I recently made a claim on Threads that AI tools don’t just add value linearly - they compound, like interest. Each new AI tool multiplies the effectiveness of your existing ones. I was asked (quite reasonably) if I could clearly quantify this claim. I’m not going to promise perfection, but this is going to be a non-exhaustive list of the ways AI has sped up my work.

To start off, I’d like to provide some context. I am the technical cofounder with a background in web, infra, and AI/ML in a 2 person startup called Blitz AI. It’s a social media analytics tool for marketers and founders. I’ve had the privilege of working in this industry for a few years and have seen first hand how companies with many employees can atrophy. More people means more communication overhead. It means more coordination is required to move the company in the same direction. It means plausible deniability in the same vein as the Bystander Effect. This is very very bad, to the extent that I think few people realize.

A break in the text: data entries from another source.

lemma norm_Gram_sum_cube_le:
  fixes g :: "int^'d \<Rightarrow> 'b::real_normed_vector" and n R :: nat
  assumes approx: "\<And>Y. finite Y \<Longrightarrow> F \<subseteq> Y \<Longrightarrow> norm (S - sum g Y) \<le> \<epsilon>"
    and bounded: "\<And>Y. finite Y \<Longrightarrow> norm (S - sum g Y) \<le> 2 * G"
    and F: "\<And>z i. z \<in> F \<Longrightarrow> \<bar>z$i\<bar> \<le> int R"
    and n: "2 * R \<le> n" and \<epsilon>: "0 \<le> \<epsilon>"
  shows "norm (real n ^ CARD('d) *\<^sub>R S
            - Gram_sum g (lattice_box 0 (int n)))
         \<le> real n ^ CARD('d) * \<epsilon> + real CARD('d) * (2 * real R) * real n ^ (CARD('d) - 1) * (2 * G)"
proof -
  define C :: "(int^'d) set" where "C = lattice_box 0 (int n)"
  define I :: "(int^'d) set" where "I = lattice_box (int R) (int n - int R)"
  define dev where "dev y = norm (S - (\<Sum>x\<in>C. g (x - y)))" for y
  have IC: "I \<subseteq> C" unfolding I_def C_def by (rule lattice_box_mono) auto
  have shift: "(\<Sum>x\<in>C. g (x - y)) = sum g ((\<lambda>x. x - y) ` C)" for y
    by (subst sum.reindex) (auto simp: inj_on_def)
  have F_shift: "F \<subseteq> (\<lambda>x. x - y) ` C" if "y \<in> I" for y
    using subset_shifted_lattice_box[OF F] that by (simp add: C_def I_def)
  have dev_I: "dev y \<le> \<epsilon>" if "y \<in> I" for y
    unfolding dev_def shift by (rule approx) (simp_all add: C_def F_shift[OF that, unfolded C_def])
  have "0 \<le> 2 * G" using bounded[of "{}"] norm_ge_zero order_trans by blast
  have dev_bounded: "dev y \<le> 2 * G" for y
    unfolding dev_def shift by (rule bounded) (simp add: C_def)
  have "real (card C) *\<^sub>R S - (\<Sum>y\<in>C. \<Sum>x\<in>C. g (x - y)) = (\<Sum>y\<in>C. S - (\<Sum>x\<in>C. g (x - y)))"
    by (simp add: sum_subtractf sum_constant_scaleR)
  then have "norm (real (card C) *\<^sub>R S - (\<Sum>y\<in>C. \<Sum>x\<in>C. g (x - y))) \<le> sum dev C"
    unfolding dev_def by (simp add: norm_sum)
  also have "\<dots> = sum dev I + sum dev (C - I)"
    using IC by (simp add: C_def sum.subset_diff)
  also have "\<dots> \<le> real (card I) * \<epsilon> + real (card (C - I)) * (2 * G)"
    using dev_I dev_bounded sum_bounded_above[of I dev \<epsilon>] sum_bounded_above[of "C - I" dev "2 * G"]
    by (intro add_mono) simp_all
  also have "\<dots> \<le> real (card C) * \<epsilon> + real CARD('d) * (2 * real R) * real n ^ (CARD('d) - 1) * (2 * G)"
  proof (intro add_mono)
    show "real (card I) * \<epsilon> \<le> real (card C) * \<epsilon>"
      using IC \<epsilon> by (intro mult_right_mono) (auto simp: C_def card_mono)
    have "real (card (C - I)) \<le> real CARD('d) * (2 * real R) * real n ^ (CARD('d) - 1)"
      using card_lattice_box_margin_le[OF n] by (simp add: C_def I_def)
    then show "real (card (C - I)) * (2 * G) \<le> real CARD('d) * (2 * real R) * real n ^ (CARD('d) - 1) * (2 * G)"
      using \<open>0 \<le> 2 * G\<close> by (rule mult_right_mono)
  qed
  also have "real (card C) = real n ^ CARD('d)" by (simp add: C_def card_lattice_box)
  finally show ?thesis by (simp only: C_def Gram_sum_def)
qed

lemma norm_Gram_average_cube_le:
  fixes g :: "int^'d \<Rightarrow> 'b::real_normed_vector" and n R :: nat and \<epsilon> G :: real
  assumes approx: "\<And>Y. finite Y \<Longrightarrow> F \<subseteq> Y \<Longrightarrow> norm (S - sum g Y) \<le> \<epsilon>"
    and bounded: "\<And>Y. finite Y \<Longrightarrow> norm (S - sum g Y) \<le> 2 * G"
    and F: "\<And>z i. z \<in> F \<Longrightarrow> \<bar>z$i\<bar> \<le> int R"
    and n: "2 * R < n" "4 * real R * real CARD('d) * G \<le> \<epsilon> * real n" and \<epsilon>: "0 \<le> \<epsilon>"
  shows "norm (inverse (real n ^ CARD('d)) *\<^sub>R
            Gram_sum g (lattice_box 0 (int n)) - S) \<le> 2 * \<epsilon>"
proof -
  define T where "T = Gram_sum g (lattice_box 0 (int n))"
  define D where "D = CARD('d)"
  define N where "N = real n ^ D"
  have N: "N > 0" using n by (simp add: N_def)
  have "(4 * R * D * G) * real n ^ (D - 1) \<le> (\<epsilon> * n) * real n ^ (D - 1)"
    using n by (intro mult_right_mono) (simp_all add: D_def)
  moreover have "real n * real n ^ (D - 1) = N"
    unfolding N_def D_def by (simp flip: power_Suc)
  ultimately have margin: "real D * (2 * real R) * real n ^ (D - 1) * (2 * G) \<le> N * \<epsilon>"
    by (simp add: algebra_simps)
  have "norm (N *\<^sub>R S - T) \<le> N * \<epsilon> + real D * (2 * real R) * real n ^ (D - 1) * (2 * G)"
    unfolding T_def N_def D_def
    by (rule norm_Gram_sum_cube_le[where F = F]) (use approx bounded F n \<epsilon> in auto)
  with margin have "norm (N *\<^sub>R S - T) \<le> N * (2 * \<epsilon>)" by simp
  moreover have "inverse N *\<^sub>R T - S = - (inverse N *\<^sub>R (N *\<^sub>R S - T))"
    using N by (simp add: algebra_simps)
  ultimately have "norm (inverse N *\<^sub>R T - S) \<le> inverse N * (N * (2 * \<epsilon>))"
    using N by (simp only: norm_minus_cancel norm_scaleR) (simp add: mult_left_mono)
  also have "inverse N * (N * (2 * \<epsilon>)) = 2 * \<epsilon>"
    using N by (simp add: field_simps)
  finally show ?thesis unfolding T_def N_def D_def .
qed

lemma Gram_average_cube_tendsto:
  fixes g :: "int^'d \<Rightarrow> 'b::banach"
  assumes abs_summable: "(\<lambda>x. norm (g x)) summable_on UNIV"
  shows "(\<lambda>n. inverse (real n ^ CARD('d)) *\<^sub>R
            Gram_sum g (lattice_box 0 (int n)))
         \<longlonglongrightarrow> infsum g UNIV"
proof (rule LIMSEQ_I)
  fix r :: real assume "r > 0"
  define \<epsilon> where "\<epsilon> = r / 3"
  define S where "S = infsum g UNIV"
  define G where "G = infsum (\<lambda>x. norm (g x)) UNIV"
  have \<epsilon>: "\<epsilon> > 0" using \<open>r > 0\<close> by (simp add: \<epsilon>_def)
  have "(g has_sum S) UNIV"
    using abs_summable_summable[OF abs_summable] by (simp add: S_def)
  then have "\<forall>\<^sub>F Y in finite_subsets_at_top UNIV. dist (sum g Y) S < \<epsilon>"
    using \<epsilon> unfolding has_sum_def by (rule tendstoD)
  then obtain F where F: "finite F" and approx: "\<And>Y. finite Y \<Longrightarrow> F \<subseteq> Y \<Longrightarrow> norm (S - sum g Y) \<le> \<epsilon>"
    unfolding eventually_finite_subsets_at_top by (metis dist_norm norm_minus_commute less_imp_le subset_UNIV)
  have "norm S \<le> G"
    unfolding S_def G_def using abs_summable by (intro norm_infsum_bound) simp
  moreover have "norm (sum g Y) \<le> G" if "finite Y" for Y
    using norm_sum[of g Y] finite_sum_le_infsum[OF abs_summable that] by (simp add: G_def)
  ultimately have bounded: "norm (S - sum g Y) \<le> 2 * G" if "finite Y" for Y
    using norm_triangle_ineq4[of S "sum g Y"] that by fastforce
  obtain R where F_R: "\<And>z i. z \<in> F \<Longrightarrow> \<bar>z$i\<bar> \<le> int R"
    using finite_coordinates_bounded[OF F] by blast
  define n0 where "n0 = 2 * R + 1 + nat \<lceil>4 * R * CARD('d) * G / \<epsilon>\<rceil>"
  have close: "norm (inverse (real n ^ CARD('d)) *\<^sub>R
          Gram_sum g (lattice_box 0 (int n)) - S) \<le> 2 * \<epsilon>"
    if "n0 \<le> n" for n
  proof (rule norm_Gram_average_cube_le[OF approx bounded F_R])
    have "4 * R * CARD('d) * G / \<epsilon> \<le> real n"
      using that real_nat_ceiling_ge[of "4 * R * CARD('d) * G / \<epsilon>"] unfolding n0_def by linarith
    then show "4 * real R * real CARD('d) * G \<le> \<epsilon> * real n"
      using \<epsilon> by (simp add: divide_le_eq mult.commute)
  qed (use that \<epsilon> in \<open>auto simp: n0_def\<close>)
  show "\<exists>n0. \<forall>n\<ge>n0. norm (inverse (real n ^ CARD('d)) *\<^sub>R
      Gram_sum g (lattice_box 0 (int n)) - S) < r"
  proof (intro exI[of _ n0] allI impI)
    fix n assume "n0 \<le> n"
    with close[of n] \<open>r > 0\<close> show "norm (inverse (real n ^ CARD('d)) *\<^sub>R
      Gram_sum g (lattice_box 0 (int n)) - S) < r"
      unfolding \<epsilon>_def by linarith
  qed
qed

lemma closed_nonneg_complex: "closed {z::complex. 0 \<le> z}"
  by (simp add: less_eq_complex_def Collect_conj_eq closed_Int closed_Collect_eq closed_Collect_le
      continuous_on_Re continuous_on_Im)

lemma infsum_nonneg_if_Gram_sums_nonneg:
  fixes g :: "int^'d \<Rightarrow> complex"
  assumes summable: "g summable_on UNIV"
    and Gram: "\<And>L. finite L \<Longrightarrow> 0 \<le> Gram_sum g L"
  shows "0 \<le> infsum g UNIV"
proof -
  have "infsum g UNIV \<in> {z. 0 \<le> z}"
  proof (rule Lim_in_closed_set[OF closed_nonneg_complex _ _ Gram_average_cube_tendsto])
    show "(\<lambda>x. norm (g x)) summable_on UNIV"
      using summable summable_on_iff_abs_summable_on_complex by blast
  qed (simp_all add: Gram scaleR_nonneg_nonneg)
  then show ?thesis by simp
qed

As businesses, we’ve put up with these inefficiencies because we needed the pools of intelligence that those people have to offer. The bet is that any given person will bring more value to the company than they take away by simply being another person to coordinate with. With software especially this paradigm is showing cracks thanks to AI.

This is, I think, the core reason why I’m so obsessed with AI. It allows me to punch above my weight class. I can get the pools of intelligence without needing nearly the same amount of communication overhead (if any at all). As such, every single action I take with regards to building is done through the lens of “How can I turn this into something AI can do for me?” Once I started viewing every part of my job through that lens, it became clear that the more I made my workflow “AI compatible”, the more capable I became.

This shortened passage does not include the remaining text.